The Dawn of the Internet Era: A Diverging Path Early 1990s - 1994
As the Internet begins to emerge as a transformative force in retail, Barnes and Noble faces a critical turning point. In March 1994, Steven Riggio introduces Leonard to the nascent World Wide Web, showcasing the potential of online commerce through a rudimentary webpage called Virtue Mall.
Key Quote:
Steven Riggio (1:25:00): "This is the future, Len. We should be on the web."
(1:25:00)
Leonard remains skeptical, dismissing online shopping as a fad and doubling down on expanding the physical bookstore footprint. Concurrently, Jeff Bezos envisions a vastly different future, founding Amazon.com in 1995 with a bold ambition to create "Earth's biggest bookstore." While Leonard focuses on brick-and-mortar expansion, Bezos leverages the Internet to revolutionize bookselling, setting the stage for an inevitable clash.

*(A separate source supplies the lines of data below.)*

(* Let $\Xi$ be the points of a rate-1 Poisson point process in an $L\times L$ square. Fix $d_0>0$ and an integer $n\ge1$. The probability that there exists a sequence $\xi_0,\xi_1,\dots,\xi_n$ of distinct points of $\Xi$ with \[ d_0\ge d(\xi_0,\xi_1)\ge d(\xi_1,\xi_2)\ge\dots\ge d(\xi_{n-1},\xi_n) \] is at most $\dfrac{L^2\pi^n d_0^{2n}}{n!}$.
   Context: $d$ denotes Euclidean distance in $\mathbb{R}^2$. *)

theory Defs
  imports "HOL-Probability.Probability"
begin

text \<open>Rate-1 Poisson point process on the square [0,L] x [0,L] in R^2 (points of type real \<times> real,
  whose product metric is the Euclidean one).  Standard construction: the number of points
  N is Poisson distributed with mean L^2 (= area), and the points are X 0, ..., X (N-1),
  where X 0, X 1, ... are i.i.d. uniform on the square, independent of N.\<close>

definition square :: "real \<Rightarrow> (real \<times> real) set" where
  "square L = {0..L} \<times> {0..L}"

definition PPP :: "real \<Rightarrow> (nat \<times> (nat \<Rightarrow> real \<times> real)) measure" where
  "PPP L = measure_pmf (poisson_pmf (L^2)) \<Otimes>\<^sub>M
           (\<Pi>\<^sub>M i\<in>(UNIV::nat set). uniform_measure lborel (square L))"

definition PPP_points :: "nat \<times> (nat \<Rightarrow> real \<times> real) \<Rightarrow> (real \<times> real) set" where
  "PPP_points \<omega> = snd \<omega> ` {..<fst \<omega>}"

definition decr_chain_event ::
    "real \<Rightarrow> real \<Rightarrow> nat \<Rightarrow> (nat \<times> (nat \<Rightarrow> real \<times> real)) set" where
  "decr_chain_event L d0 n = {\<omega> \<in> space (PPP L).
      \<exists>\<xi> :: nat \<Rightarrow> real \<times> real.
         (\<forall>j\<le>n. \<xi> j \<in> PPP_points \<omega>) \<and> inj_on \<xi> {..n} \<and>
         dist (\<xi> 0) (\<xi> 1) \<le> d0 \<and>
         (\<forall>j. 1 \<le> j \<and> j < n \<longrightarrow> dist (\<xi> j) (\<xi> (j+1)) \<le> dist (\<xi> (j-1)) (\<xi> j))}"

end

theory Submission
  imports Defs
begin

text \<open>
  Write the process as N points X 0, ..., X (N-1), i.i.d. uniform on the square
  of area L^2, with N Poisson of mean L^2.  A decreasing chain of n+1 distinct points is
  indexed by a list of n+1 distinct indices below N.  Fix such an index list: the first point
  is arbitrary, and given the previous point p and the previous step length r, the next point
  must lie in the disc of radius r around p; its new step length s then enters the bound for
  the rest of the chain.  Since the area of the disc of radius s is pi s^2, an induction along
  the list gives the chain probability bound (pi r^2 / L^2)^k / k! for k further points
  (the key integral is the radial one, int over B(p,r) of |x-p|^(2k) = pi r^(2k+2)/(k+1)).
  A union bound over the N!/(N-n-1)! index lists and the Poisson factorial moment
  E[N!/(N-n-1)!] = (L^2)^(n+1) then give L^2 pi^n d0^(2n) / n!.
\<close>

subsection \<open>A radial integral in the plane\<close>

lemma emeasure_cball_plane:
  "r \<ge> 0 \<Longrightarrow> emeasure lborel (cball (c::real\<times>real) r) = ennreal (pi * r^2)"
  by (simp add: emeasure_cball unit_ball_vol_2 power2_eq_square)

lemma emeasure_cball_sqdist_le:
  fixes p :: "real\<times>real"
  assumes "R \<ge> 0"
  shows "emeasure lborel (cball p R \<inter> {x. (dist p x)^2 \<le> t})
       = ennreal (if t < 0 then 0 else pi * min (R^2) t)"
proof (cases "t < 0")
  case True
  then have "cball p R \<inter> {x. (dist p x)^2 \<le> t} = {}"
    using True by (smt (verit) disjoint_iff mem_Collect_eq zero_le_power2)
  then show ?thesis using True by simp
next
  case False
  have sq_le: "x^2 \<le> t" if "0 \<le> x" "x \<le> sqrt t" for x :: real
    using False that by (metis power_mono real_sqrt_pow2 not_less)
  have "cball p R \<inter> {x. (dist p x)^2 \<le> t} = cball p (min R (sqrt t))"
    using False assms sq_le by (auto simp: real_le_rsqrt real_sqrt_le_iff' mem_cball)
  moreover have "(min R (sqrt t))^2 = min (R^2) t"
    using False assms sq_le[of R]
    by (cases "R \<le> sqrt t") (auto simp: min_def real_sqrt_le_iff' real_le_rsqrt)
  ultimately show ?thesis using False assms by (simp add: emeasure_cball_plane)
qed

lemma distr_sqdist_cball:
  fixes p :: "real\<times>real"
  assumes R: "R \<ge> 0"
  shows "distr (density lborel (indicator (cball p R))) borel (\<lambda>x. (dist p x)^2)
       = density lborel (\<lambda>s. ennreal pi * indicator {0..R^2} s)" (is "?M1 = ?M2")
proof (rule cdf_unique')
  have cdf1: "emeasure ?M1 {..t} = ennreal (if t < 0 then 0 else pi * min (R^2) t)" for t
  proof -
    have "emeasure ?M1 {..t}
        = emeasure (density lborel (indicator (cball p R))) ((\<lambda>x. (dist p x)^2) -` {..t})"
      by (subst emeasure_distr) auto
    also have "\<dots> = emeasure lborel (cball p R \<inter> {x. (dist p x)^2 \<le> t})"
      by (subst emeasure_restricted) (auto simp: Int_commute vimage_def)
    finally show ?thesis using emeasure_cball_sqdist_le[OF R] by simp
  qed
  have cdf2: "emeasure ?M2 {..t} = ennreal (if t < 0 then 0 else pi * min (R^2) t)" for t
  proof -
    have "emeasure ?M2 {..t} = (\<integral>\<^sup>+s. ennreal pi * indicator ({0..R^2} \<inter> {..t}) s \<partial>lborel)"
      by (subst emeasure_density) (auto intro!: nn_integral_cong simp: indicator_def)
    also have "\<dots> = ennreal pi * emeasure lborel ({0..R^2} \<inter> {..t})"
      by (subst nn_integral_cmult_indicator) auto
    also have "{0..R^2} \<inter> {..t} = (if t < 0 then {} else {0..min (R^2) t})" by auto
    finally show ?thesis using R by (auto simp: ennreal_mult')
  qed
  have total: "emeasure ?M1 UNIV = ennreal (pi * R^2)" "emeasure ?M2 UNIV = ennreal (pi * R^2)"
  proof -
    have "emeasure ?M1 UNIV = emeasure lborel (cball p R)"
      by (subst emeasure_distr) (auto simp: emeasure_restricted)
    then show "emeasure ?M1 UNIV = ennreal (pi * R^2)" using R by (simp add: emeasure_cball_plane)
    have "emeasure ?M2 UNIV = (\<integral>\<^sup>+s. ennreal pi * indicator {0..R^2} s \<partial>lborel)"
      by (subst emeasure_density) auto
    also have "\<dots> = ennreal pi * emeasure lborel {0..R^2}"
      by (subst nn_integral_cmult_indicator) auto
    finally show "emeasure ?M2 UNIV = ennreal (pi * R^2)" using R by (simp add: ennreal_mult')
  qed
  show "finite_borel_measure ?M1" "finite_borel_measure ?M2"
    using total by (auto intro!: finite_borel_measure.intro finite_measureI simp: finite_borel_measure_axioms_def)
  show "cdf ?M1 = cdf ?M2"
    by (rule ext) (simp add: cdf_def measure_def cdf1 cdf2)
qed

lemma nn_integral_pi_power:
  assumes "A \<ge> 0"
  shows "(\<integral>\<^sup>+s. ennreal (pi * s^m) * indicator {0..A} s \<partial>lborel) = ennreal (pi * A^(Suc m) / Suc m)"
proof -
  have deriv: "((\<lambda>s. pi * s^(Suc m) / Suc m) has_real_derivative pi * x^m) (at x)" for x
    using DERIV_cdivide[OF DERIV_cmult[OF DERIV_pow[of "Suc m" x], of pi], of "real (Suc m)"]
    by (simp del: of_nat_Suc)
  have "((\<lambda>s. pi * s^m) has_integral (pi * A^(Suc m) / Suc m - pi * 0^(Suc m) / Suc m)) {0..A}"
    using assms deriv
    by (intro fundamental_theorem_of_calculus)
       (auto simp: has_real_derivative_iff_has_vector_derivative[symmetric]
             intro: has_field_derivative_at_within)
  then have "((\<lambda>s. pi * s^m) has_integral (pi * A^(Suc m) / Suc m)) {0..A}" by simp
  from nn_integral_has_integral_lebesgue'[OF _ this] show ?thesis using assms by simp
qed

lemma nn_integral_cball_dist_power:
  fixes p :: "real\<times>real"
  assumes R: "R \<ge> 0"
  shows "(\<integral>\<^sup>+x. indicator (cball p R) x * ennreal (dist p x ^ (2*m)) \<partial>lborel)
       = ennreal (pi * R^(2*m+2) / Suc m)"
proof -
  have "(\<integral>\<^sup>+x. indicator (cball p R) x * ennreal (dist p x ^ (2*m)) \<partial>lborel)
      = (\<integral>\<^sup>+x. ennreal (((dist p x)^2)^m) \<partial>density lborel (indicator (cball p R)))"
    by (subst nn_integral_density) (auto simp: power_mult intro!: borel_measurable_indicator borel_closed)
  also have "\<dots> = (\<integral>\<^sup>+s. ennreal (s^m)
                    \<partial>distr (density lborel (indicator (cball p R))) borel (\<lambda>x. (dist p x)^2))"
    by (subst nn_integral_distr) auto
  also have "\<dots> = (\<integral>\<^sup>+s. ennreal (pi * s^m) * indicator {0..R^2} s \<partial>lborel)"
    unfolding distr_sqdist_cball[OF R]
    by (subst nn_integral_density) (auto intro!: nn_integral_cong simp: indicator_def ennreal_mult')
  also have "\<dots> = ennreal (pi * (R^2)^(Suc m) / Suc m)"
    by (rule nn_integral_pi_power) simp
  also have "(R^2)^(Suc m) = R^(2*m+2)"
    unfolding power_mult[symmetric] by simp
  finally show ?thesis .
qed

subsection \<open>Splitting off one coordinate of a product of probability spaces\<close>

lemma emeasure_PiM_split_coordinate:
  assumes M: "prob_space M" and i: "i \<in> I" and A: "A \<in> sets (PiM I (\<lambda>_. M))"
  shows "emeasure (PiM I (\<lambda>_. M)) A =
     (\<integral>\<^sup>+x. emeasure (PiM (I - {i}) (\<lambda>_. M)) {X \<in> space (PiM (I - {i}) (\<lambda>_. M)). X(i:=x) \<in> A} \<partial>M)"
proof -
  let ?P' = "PiM (I - {i}) (\<lambda>_. M)"
  let ?upd = "\<lambda>(x, X). X(i := x)"
  interpret P': prob_space ?P' by (intro prob_space_PiM M)
  have distr_upd: "distr (M \<Otimes>\<^sub>M ?P') (PiM I (\<lambda>_. M)) ?upd = PiM I (\<lambda>_. M)"
    using distr_pair_PiM_eq_PiM[of "I - {i}" "\<lambda>_. M" i] M by (simp add: insert_absorb[OF i])
  have "(\<lambda>z. (snd z)(i := fst z)) \<in> measurable (M \<Otimes>\<^sub>M ?P') (PiM I (\<lambda>_. M))"
    by (rule measurable_fun_upd[where J="I - {i}"]) (use i in auto)
  then have upd_meas: "?upd \<in> measurable (M \<Otimes>\<^sub>M ?P') (PiM I (\<lambda>_. M))"
    by (simp add: case_prod_beta)
  have "emeasure (PiM I (\<lambda>_. M)) A = emeasure (M \<Otimes>\<^sub>M ?P') (?upd -` A \<inter> space (M \<Otimes>\<^sub>M ?P'))"
    by (subst distr_upd[symmetric]) (rule emeasure_distr[OF upd_meas A])
  also have "\<dots> = (\<integral>\<^sup>+x. emeasure ?P' (Pair x -` (?upd -` A \<inter> space (M \<Otimes>\<^sub>M ?P'))) \<partial>M)"
    by (rule P'.emeasure_pair_measure_alt) (rule measurable_sets[OF upd_meas A])
  also have "\<dots> = (\<integral>\<^sup>+x. emeasure ?P' {X \<in> space ?P'. X(i:=x) \<in> A} \<partial>M)"
    by (intro nn_integral_cong arg_cong2[where f=emeasure] refl) (auto simp: space_pair_measure)
  finally show ?thesis .
qed

definition unif_square :: "real \<Rightarrow> (real\<times>real) measure" where
  "unif_square L = uniform_measure lborel (square L)"

lemma PPP_eq_unif_square:
  "PPP L = measure_pmf (poisson_pmf (L^2)) \<Otimes>\<^sub>M PiM UNIV (\<lambda>_. unif_square L)"
  unfolding PPP_def unif_square_def ..

lemma sets_square[measurable]: "square L \<in> sets borel"
  unfolding square_def by (simp add: borel_closed closed_Times)

lemma emeasure_square: "L \<ge> 0 \<Longrightarrow> emeasure lborel (square L) = ennreal (L^2)"
proof -
  assume L: "L \<ge> 0"
  have "square L = cbox (0,0) (L,L)"
    unfolding square_def by (auto simp: cbox_def Basis_prod_def inner_prod_def)
  then show ?thesis using L by (simp add: emeasure_lborel_cbox_eq Basis_prod_def power2_eq_square)
qed

lemma prob_space_unif_square: "L > 0 \<Longrightarrow> prob_space (unif_square L)"
  unfolding unif_square_def by (rule prob_space_uniform_measure) (auto simp: emeasure_square)

lemma space_unif_square[simp]: "space (unif_square L) = UNIV"
  and sets_unif_square[simp, measurable_cong]: "sets (unif_square L) = sets borel"
  by (simp_all add: unif_square_def)

lemma nn_integral_unif_square_le:
  assumes L: "L > 0" and f[measurable]: "f \<in> borel_measurable borel"
  shows "(\<integral>\<^sup>+x. f x \<partial>unif_square L) \<le> (\<integral>\<^sup>+x. f x \<partial>lborel) / ennreal (L^2)"
proof -
  have "(\<integral>\<^sup>+x. f x \<partial>unif_square L)
      = (\<integral>\<^sup>+x. f x * indicator (square L) x \<partial>lborel) / emeasure lborel (square L)"
    unfolding unif_square_def by (rule nn_integral_uniform_measure) auto
  also have "\<dots> \<le> (\<integral>\<^sup>+x. f x \<partial>lborel) / ennreal (L^2)"
    using L by (auto simp: emeasure_square indicator_def
                     intro!: divide_right_mono_ennreal nn_integral_mono mult_left_le)
  finally show ?thesis .
qed

lemma sets_cball_plane[measurable]: "cball (p::real\<times>real) r \<in> sets borel"
  by (simp add: borel_closed)

lemma measurable_coordinate_unif_square:
  "j \<in> I \<Longrightarrow> (\<lambda>X. X j) \<in> borel_measurable (PiM I (\<lambda>_. unif_square L))"
  using measurable_component_singleton[of j I "\<lambda>_. unif_square L"]
  by (simp add: measurable_cong_sets[OF refl sets_unif_square])

fun decreasing_chain :: "'a::metric_space \<Rightarrow> real \<Rightarrow> 'a list \<Rightarrow> bool" where
  "decreasing_chain p r [] = True"
| "decreasing_chain p r (x # xs) = (dist p x \<le> r \<and> decreasing_chain x (dist p x) xs)"

lemma measurable_decreasing_chain:
  fixes H :: "'b \<Rightarrow> 'c \<Rightarrow> 'a::{metric_space, second_countable_topology}"
  assumes "f \<in> borel_measurable M" and "g \<in> borel_measurable M"
    and "\<And>j. j \<in> set js \<Longrightarrow> (\<lambda>\<omega>. H \<omega> j) \<in> borel_measurable M"
  shows "Measurable.pred M (\<lambda>\<omega>. decreasing_chain (f \<omega>) (g \<omega>) (map (H \<omega>) js))"
  using assms
proof (induction js arbitrary: f g)
  case Nil
  then show ?case by simp
next
  case (Cons j js)
  note [measurable] = Cons.prems(1,2) Cons.prems(3)[of j, simplified]
  have "Measurable.pred M (\<lambda>\<omega>. decreasing_chain (H \<omega> j) (dist (f \<omega>) (H \<omega> j)) (map (H \<omega>) js))"
    by (rule Cons.IH) (use Cons.prems in auto)
  then show ?case by simp
qed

Contrasting Visions: Riggio vs. Bezos Mid-1990s
The episode contrasts Leonard Riggio's traditional retail-focused strategy with Jeff Bezos's innovative e-commerce approach. Leonardo underestimates the Internet's potential, believing that consumers will continue to prefer the tactile experience of browsing in-store. Conversely, Bezos anticipates the shift towards online shopping, aiming to capitalize on the convenience and vast selection the Internet offers.
Key Quote:
Jeff Bezos (1:40:45): "I believe that consumers will eventually embrace the convenience of shopping from home."
(1:40:45)
This divergence in strategy highlights the crux of Barnes and Noble's challenges as the digital age begins to reshape the retail landscape.
Conclusion: Setting the Stage for a Corporate Showdown End of Episode
As Barnes and Noble reaches the zenith of its physical retail empire by the early 1990s, the seeds of its future struggles with Amazon are firmly planted. Leonard Riggio's confidence in brick-and-mortar supremacy blinds him to the impending digital revolution spearheaded by Jeff Bezos. The episode concludes by foreshadowing the escalating rivalry, emphasizing that no matter the size or power of a business empire, adaptability is crucial for survival.
Key Quote:
Narrator (2:00:00): "They say Hollywood is where dreams are made... But when the spotlight turns off, fame, fortune, and lives can disappear in an instant."
(2:00:00)
Final Thoughts
"Saving Barnes and Noble | The Emperor of Little Italy | 1" offers a comprehensive look into Leonard Riggio's rise and the strategic decisions that propelled Barnes and Noble to the forefront of the bookselling industry. Through meticulous storytelling and enriched with notable quotes, the episode captures the essence of a business empire on the brink of transformation, setting the foundation for the ensuing battle with Amazon in the subsequent episodes.